# Drill press to cheap mill conversion.



## great white (Jun 16, 2022)

So yeah, it's been tried before. We all know the results are marginal at best. But I've got a bunch of junk taking up space and a mill (even limited) would be useful from time to time. I do have an original Atlas milling attachment and it works well for very small items, but the travel is very limited on that and sometimes i could use a few more inches of travel to finish a piece, rather than repositioning and rejigging everything. There's also times when the vertical milling attachement just isn't capable of holding certain items or capable of getting hte work piece in the right postion, where a horizontal t plate would work much better.

First is the base material, a generic 8" drill press. You know the type, Chinese, mass produced, not exactly all that capable, even as a drill press. So I strip it down and check the runout on the quill. It's got a JT33 chuck, but that's going away. So I checked the quill on the jt33 taper once the chuck was removed.
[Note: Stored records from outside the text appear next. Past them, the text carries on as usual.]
lemma subgroup_psubset_normalizer:
  assumes H: "subgroup H G" and proper: "H \<noteq> carrier G"
  shows "H \<subset> normalizer G H"
proof -
  have HG: "H \<subseteq> carrier G"
    using H subgroup.subset by blast
  let ?E = "rcosets H"
  let ?Fix = "{R \<in> ?E. \<forall>h \<in> H. R #> inv h = R}"
  \<comment> \<open>Acting by right multiplication, H fixes |G : H| cosets modulo p; as p divides |G : H|,
    it fixes some coset H x other than H.\<close>
  interpret A: group_action "G\<lparr>carrier := H\<rparr>" ?E "\<lambda>h. restrict (\<lambda>R. R #> inv h) ?E"
  proof (rule group.group_actionI)
    show "group (G\<lparr>carrier := H\<rparr>)"
      using H by (rule subgroup_imp_group)
  qed (use HG in \<open>auto simp: subsetD rcoset_mult_in_rcosets coset_mult_assoc inv_mult_group
           subgroup.rcosets_carrier[OF H is_group]\<close>)
  obtain j where j: "order (G\<lparr>carrier := H\<rparr>) = p ^ j"
    using prime_power_of_dvd_order lagrange[OF H] by (simp add: order_def) (metis dvd_triv_right)
  have "card ?Fix mod p = card ?E mod p"
    using A.card_fixed_points_cong[OF prime_p j] finite_carrier
    by (simp add: RCOSETS_def cong: conj_cong)
  then have "p dvd card ?Fix"
    using prime_dvd_index[OF H proper] by (simp add: mod_eq_0_iff_dvd[symmetric])
  then have "?Fix \<noteq> {H}"
    using prime_p by auto
  moreover have "H \<in> ?Fix"
    using H by (simp add: subgroup.subgroup_in_rcosets[OF H is_group] subgroup.rcos_const subgroup.m_inv_closed)
  ultimately obtain x where x: "x \<in> carrier G" "H #> x \<in> ?Fix" "H #> x \<noteq> H"
    by (auto simp: RCOSETS_def)
  have "H #> x #> h = H #> x" if "h \<in> H" for h
    using x(2) that H by (auto dest: bspec[of _ _ "inv h"] simp: subgroup.m_inv_closed subsetD[OF HG])
  then have "x \<in> normalizer G H"
    using in_normalizer_if_rcoset_fixed[OF H finite_subset[OF HG finite_carrier] x(1)] by blast
  moreover have "x \<notin> H"
    using x coset_join2[OF x(1) H] by blast
  moreover have "H \<subseteq> normalizer G H"
    using subgroup_in_normalizer[OF H] normal_imp_subgroup subgroup.subset by force
  ultimately show ?thesis
    by blast
qed

lemma maximal_subgroup_normal:
  assumes "maximal_subgroup M G"
  shows "M \<lhd> G"
proof -
  have M: "subgroup M G" "M \<noteq> carrier G"
    using assms by (auto simp: maximal_subgroup_def)
  have "subgroup (normalizer G M) G"
    using M(1) subgroup.subset normalizer_imp_subgroup by blast
  then have "normalizer G M = carrier G"
    using assms subgroup_psubset_normalizer[OF M] by (auto simp: maximal_subgroup_def)
  then show ?thesis
    using subgroup_in_normalizer[OF M(1)] by simp
qed

lemma exists_ord_eq_prime:
  assumes "carrier G \<noteq> {\<one>}"
  shows "\<exists>x \<in> carrier G. ord x = p"
proof -
  obtain y where y: "y \<in> carrier G" "y \<noteq> \<one>"
    using assms one_closed by blast
  obtain b where b: "ord y = p ^ b"
    using prime_power_of_dvd_order ord_dvd_group_order[OF y(1)] by blast
  have "b \<noteq> 0"
    using b y ord_eq_1[OF y(1)] by (cases b) auto
  then have "ord (y [^] (p ^ (b - 1))) = p ^ b div p ^ (b - 1)"
    using b prime_p ord_pow[OF y(1), of "p ^ (b - 1)"] by (simp add: le_imp_power_dvd prime_gt_0_nat)
  also have "\<dots> = p"
    using \<open>b \<noteq> 0\<close> prime_p by (cases b) auto
  finally show ?thesis
    using y(1) by blast
qed

lemma order_eq_prime_if_no_proper_subgroup:
  assumes nontrivial: "carrier G \<noteq> {\<one>}"
    and subgroups: "\<And>H. subgroup H G \<Longrightarrow> H = {\<one>} \<or> H = carrier G"
  shows "order G = p"
proof -
  obtain x where x: "x \<in> carrier G" "ord x = p"
    using exists_ord_eq_prime[OF nontrivial] by blast
  have card: "card (generate G {x}) = p"
    using generate_pow_card[OF x(1)] x(2) by simp
  have "generate G {x} \<noteq> {\<one>}"
    using card prime_gt_1_nat[OF prime_p] by force
  moreover have "subgroup (generate G {x}) G"
    using x(1) by (simp add: generate_is_subgroup)
  ultimately have "generate G {x} = carrier G"
    using subgroups by blast
  then show ?thesis
    using card by (simp add: order_def)
qed

end

lemma (in normal) FactGroup_subgroups_if_maximal:
  assumes max: "maximal_subgroup H G" and K: "subgroup K (G Mod H)"
  shows "K = {H} \<or> K = carrier (G Mod H)"
proof -
  have union_K: "\<Union>K = {a \<in> carrier G. H #> a \<in> K}"
    using factgroup_subgroup_union_char[OF K] .
  have one_K: "H \<in> K"
    using subgroup.one_closed[OF K] by simp
  then have "H \<subseteq> \<Union>K"
    by blast
  then have "\<Union>K = H \<or> \<Union>K = carrier G"
    using max factgroup_subgroup_union_subgroup[OF K] unfolding maximal_subgroup_def by blast
  moreover have "K = {H}" if "\<Union>K = H"
  proof -
    have "R = H" if R: "R \<in> K" for R
    proof -
      obtain a where a: "a \<in> carrier G" "R = H #> a"
        using R subgroup.subset[OF K] by (auto simp: FactGroup_def RCOSETS_def)
      then have "a \<in> H"
        using R union_K \<open>\<Union>K = H\<close> by blast
      then show "R = H"
        using a coset_join2[OF a(1) is_subgroup] by simp
    qed
    then show ?thesis
      using one_K by blast
  qed
  moreover have "K = carrier (G Mod H)" if "\<Union>K = carrier G"
    using that subgroup.subset[OF K] union_K by (auto simp: FactGroup_def RCOSETS_def)
  ultimately show ?thesis
    by blast
qed
section \<open>The circuit\<close>

text \<open>\<open>Src y\<close> is input \<open>y < L+2\<close>.  \<open>Copy y k j\<close> is node \<open>j < 2^k\<close> at depth
  \<open>k \<le> 3L+1\<close> of the copy tree of input \<open>y\<close>.  \<open>Gate i h j\<close> is node \<open>j < 2^(2L+1-h)\<close> at
  height \<open>h \<le> 2L+1\<close> of the gate tree of output \<open>i < L\<close>; its leaf \<open>j\<close> reads the copy leaf
  with index \<open>i*2^(2L+1) + j\<close> (below \<open>2^(3L+1)\<close>), so no copy leaf is read twice.\<close>
datatype node = Src nat | Copy nat nat nat | Gate nat nat nat

instance node :: countable by countable_datatype

definition leaf_input :: "nat \<Rightarrow> ((nat \<Rightarrow> bool) \<Rightarrow> (nat \<Rightarrow> bool)) \<Rightarrow> nat \<Rightarrow> nat \<Rightarrow> nat" where
  "leaf_input L g i j = literal L g i (j div 2^L) (j mod 2^L)"

fun upd_node :: "nat \<Rightarrow> ((nat \<Rightarrow> bool) \<Rightarrow> (nat \<Rightarrow> bool)) \<Rightarrow> node \<Rightarrow> (node \<Rightarrow> bool) \<Rightarrow> bool" where
  "upd_node L g (Src y) s = False"
| "upd_node L g (Copy y k j) s = s (if k = 0 then Src y else Copy y (k-1) (j div 2))"
| "upd_node L g (Gate i 0 j) s = s (Copy (leaf_input L g i j) (3*L+1) (i*2^(2*L+1) + j))"
| "upd_node L g (Gate i (Suc h) j) s =
    (if Suc h \<le> L then s (Gate i h (2*j)) \<and> s (Gate i h (2*j+1))
     else s (Gate i h (2*j)) \<or> s (Gate i h (2*j+1)))"

fun deps :: "nat \<Rightarrow> ((nat \<Rightarrow> bool) \<Rightarrow> (nat \<Rightarrow> bool)) \<Rightarrow> node \<Rightarrow> node set" where
  "deps L g (Src y) = {}"
| "deps L g (Copy y k j) = {if k = 0 then Src y else Copy y (k-1) (j div 2)}"
| "deps L g (Gate i 0 j) = {Copy (leaf_input L g i j) (3*L+1) (i*2^(2*L+1) + j)}"
| "deps L g (Gate i (Suc h) j) = {Gate i h (2*j), Gate i h (2*j+1)}"

fun readers :: "nat \<Rightarrow> node \<Rightarrow> node set" where
  "readers L (Src y) = {Copy y 0 0}"
| "readers L (Copy y k j) =
    (if k < 3*L+1 then {Copy y (k+1) (2*j), Copy y (k+1) (2*j+1)}
     else {Gate (j div 2^(2*L+1)) 0 (j mod 2^(2*L+1))})"
| "readers L (Gate i h j) = (if h < 2*L+1 then {Gate i (Suc h) (j div 2)} else {})"

definition input_nodes :: "nat \<Rightarrow> node set" where
  "input_nodes L = Src ` {..<L+2}"
lemma finitely_covered_if_covered:
  assumes cov: "\<forall>Z\<in>cyl \<sigma>. \<exists>l s. W (init_seg Z l) s"
  shows "finitely_covered \<sigma>"
proof (rule ccontr)
  assume bad: "\<not> finitely_covered \<sigma>"
  define Z where "Z i = branch \<sigma> (Suc i) ! i" for i
  have init_seg_Z: "init_seg Z (length \<sigma> + m) = branch \<sigma> m" for m
  proof (rule nth_equalityI)
    show "length (init_seg Z (length \<sigma> + m)) = length (branch \<sigma> m)" by (simp add: length_branch)
    fix i assume "i < length (init_seg Z (length \<sigma> + m))"
    then have i: "i < length \<sigma> + m" by simp
    have "branch \<sigma> (Suc i) ! i = branch \<sigma> m ! i" by (rule nth_branch) (use i in \<open>auto simp: length_branch\<close>)
    then show "init_seg Z (length \<sigma> + m) ! i = branch \<sigma> m ! i"
      using i by (simp add: Z_def)
  qed
  have "Z \<in> cyl \<sigma>" using init_seg_Z[of 0] by (simp add: in_cyl)
  then obtain l s where W: "W (init_seg Z l) s" using cov by blast
  have "take l (init_seg Z (length \<sigma> + l)) = init_seg Z l"
    by (intro nth_equalityI) auto
  then have "take l (branch \<sigma> l) = init_seg Z l" using init_seg_Z[of l] by simp
  then have "finitely_covered (branch \<sigma> l)" using W by (intro finitely_covered_single[of l _ s]) (auto simp: length_branch)
  then show False using branch_not_covered[OF bad] by blast
qed

end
At first blush, it's didn't look too bad. Only about a thou runout. But then I tried pressing on the quill (while extended fully) and the issue with these cheap little things became obvious: about .005 play. Bearings are actually very tight (with movement so little it doesn't even really measure) and further investigation revealed it's the clearance between the quill and the bore it sits in. Five thou is actually workable for the small projects I need it for, but I have a few ideas on how to take up that slack. I'll definitely have to look and see if I can get that runout down as it will only be magnified by any play or flex in other parts of the machine.

I could just use the drill chuck to hold end mills, but I wanted a little more accuracy than that. So I found an er32 spring collet holder with a JT33 taper to fit on the drill press quill. Again, not the the most rigid or accurate setup, but its still better than just a cheap little chuck.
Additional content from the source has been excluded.